PROBLEM DETAILS: Find how many lines in the data below include the word "Riesz", then write only that number.

INPUT MATERIAL:
text \<open>The Riesz-Kantorovich formula for the positive part of \<open>f\<close> in the dual lattice.\<close>
definition dual_pprt_on :: "('a::banach_lattice \<Rightarrow>\<^sub>L real) \<Rightarrow> 'a \<Rightarrow> real" where
  "dual_pprt_on f y = (SUP z\<in>{0..y}. blinfun_apply f z)"

definition dual_pprt :: "('a::banach_lattice \<Rightarrow>\<^sub>L real) \<Rightarrow> ('a \<Rightarrow>\<^sub>L real)" where
  "dual_pprt f = Blinfun (cone_extension (dual_pprt_on f))"

lemma blinfun_apply_le_on_interval:
  fixes f :: "'a::banach_lattice \<Rightarrow>\<^sub>L real"
  assumes "0 \<le> z" "z \<le> y"
  shows "blinfun_apply f z \<le> norm f * norm y"
  using blinfun_apply_le_norm[of f z] norm_mono_nonneg[OF assms]
  by (meson mult_left_mono norm_ge_zero order_trans)

lemma dual_pprt_on_upper: "0 \<le> z \<Longrightarrow> z \<le> y \<Longrightarrow> blinfun_apply f z \<le> dual_pprt_on f y"
  unfolding dual_pprt_on_def
  by (rule cSUP_upper) (auto intro!: bdd_aboveI2 blinfun_apply_le_on_interval)

lemma dual_pprt_on_least:
  "0 \<le> y \<Longrightarrow> (\<And>z. 0 \<le> z \<Longrightarrow> z \<le> y \<Longrightarrow> blinfun_apply f z \<le> M) \<Longrightarrow> dual_pprt_on f y \<le> M"
  unfolding dual_pprt_on_def by (rule cSUP_least) auto

lemma dual_pprt_on_add:
  fixes y1 y2 :: "'a::banach_lattice"
  assumes "0 \<le> y1" "0 \<le> y2"
  shows "dual_pprt_on f (y1 + y2) = dual_pprt_on f y1 + dual_pprt_on f y2"
proof (rule antisym)
  show "dual_pprt_on f (y1 + y2) \<le> dual_pprt_on f y1 + dual_pprt_on f y2"
  proof (rule dual_pprt_on_least)
    fix z assume z: "0 \<le> z" "z \<le> y1 + y2"
    \<comment> \<open>Riesz decomposition: \<open>z = inf z y1 + (z - inf z y1)\<close> with \<open>z - inf z y1 \<le> y2\<close>.\<close>
    have "z - inf z y1 = sup 0 (z - y1)" by (simp add: add_sup_distrib_left)
    also have "\<dots> \<le> y2" using assms z by (simp add: algebra_simps)
    finally have "blinfun_apply f (z - inf z y1) \<le> dual_pprt_on f y2"
      by (intro dual_pprt_on_upper) (simp only: diff_ge_0_iff_ge, simp)
    moreover have "blinfun_apply f (inf z y1) \<le> dual_pprt_on f y1"
      using z assms by (intro dual_pprt_on_upper) simp_all
    ultimately show "blinfun_apply f z \<le> dual_pprt_on f y1 + dual_pprt_on f y2"
      using blinfun.diff_right[of f z "inf z y1"] by linarith
  qed (use assms in simp)
  have "blinfun_apply f z1 + blinfun_apply f z2 \<le> dual_pprt_on f (y1 + y2)"
    if "0 \<le> z1" "z1 \<le> y1" "0 \<le> z2" "z2 \<le> y2" for z1 z2
    using that dual_pprt_on_upper[of "z1 + z2" "y1 + y2" f] by (simp add: add_mono blinfun.add_right)
  then have "dual_pprt_on f y1 \<le> dual_pprt_on f (y1 + y2) - blinfun_apply f z2"
    if "0 \<le> z2" "z2 \<le> y2" for z2
    using that assms by (intro dual_pprt_on_least) force+
  then have "dual_pprt_on f y2 \<le> dual_pprt_on f (y1 + y2) - dual_pprt_on f y1"
    using assms by (intro dual_pprt_on_least) force+
  then show "dual_pprt_on f y1 + dual_pprt_on f y2 \<le> dual_pprt_on f (y1 + y2)" by simp
qed

lemma dual_pprt_on_scaleR:
  fixes y :: "'a::banach_lattice"
  assumes "0 \<le> c" "0 \<le> y"
  shows "dual_pprt_on f (c *\<^sub>R y) = c * dual_pprt_on f y"
proof (cases "c = 0")
  case True
  have "dual_pprt_on f 0 = 0"
    using dual_pprt_on_upper[of 0 0 f] by (intro antisym dual_pprt_on_least) (auto dest: antisym)
  with True show ?thesis by simp
next
  case False
  with assms have c: "c > 0" by simp
  show ?thesis
  proof (rule antisym)
    show "dual_pprt_on f (c *\<^sub>R y) \<le> c * dual_pprt_on f y"
    proof (rule dual_pprt_on_least)
      fix z assume z: "0 \<le> z" "z \<le> c *\<^sub>R y"
      have "(1/c) *\<^sub>R z \<le> (1/c) *\<^sub>R (c *\<^sub>R y)" using z c by (intro scaleR_left_mono) auto
      with z c have "blinfun_apply f ((1/c) *\<^sub>R z) \<le> dual_pprt_on f y"
        by (intro dual_pprt_on_upper) auto
      with c show "blinfun_apply f z \<le> c * dual_pprt_on f y"
        by (simp add: blinfun.scaleR_right field_simps)
    qed (use assms in simp)
    have "dual_pprt_on f y \<le> dual_pprt_on f (c *\<^sub>R y) / c"
    proof (rule dual_pprt_on_least)
      fix z assume z: "0 \<le> z" "z \<le> y"
      then have "blinfun_apply f (c *\<^sub>R z) \<le> dual_pprt_on f (c *\<^sub>R y)"
        using c by (intro dual_pprt_on_upper scaleR_left_mono) auto
      with c show "blinfun_apply f z \<le> dual_pprt_on f (c *\<^sub>R y) / c"
        by (simp add: blinfun.scaleR_right field_simps)
    qed (use assms in simp)
    with c show "c * dual_pprt_on f y \<le> dual_pprt_on f (c *\<^sub>R y)" by (simp add: field_simps)
  qed
qed

lemma dual_pprt_apply:
  assumes "0 \<le> y"
  shows "blinfun_apply (dual_pprt f) y = dual_pprt_on f y"
proof -
  have "bounded_linear (cone_extension (dual_pprt_on f))"
    by (rule bounded_linear_cone_extension[where C = "norm f"])
      (auto intro: dual_pprt_on_add dual_pprt_on_scaleR dual_pprt_on_least
        blinfun_apply_le_on_interval dual_pprt_on_upper[of 0, simplified])
  then show ?thesis
    unfolding dual_pprt_def using assms dual_pprt_on_scaleR[of 0 0 f]
    by (simp add: blinfun_cone_extension_apply)
qed

lemma dual_pprt_nonneg: "dual_le 0 (dual_pprt f)"
  unfolding dual_le_def using dual_pprt_on_upper[of 0 _ f] by (simp add: dual_pprt_apply)

lemma dual_pprt_ge: "0 \<le> y \<Longrightarrow> blinfun_apply f y \<le> blinfun_apply (dual_pprt f) y"
  using dual_pprt_on_upper[of y y f] by (simp add: dual_pprt_apply)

FINAL ANSWER: 2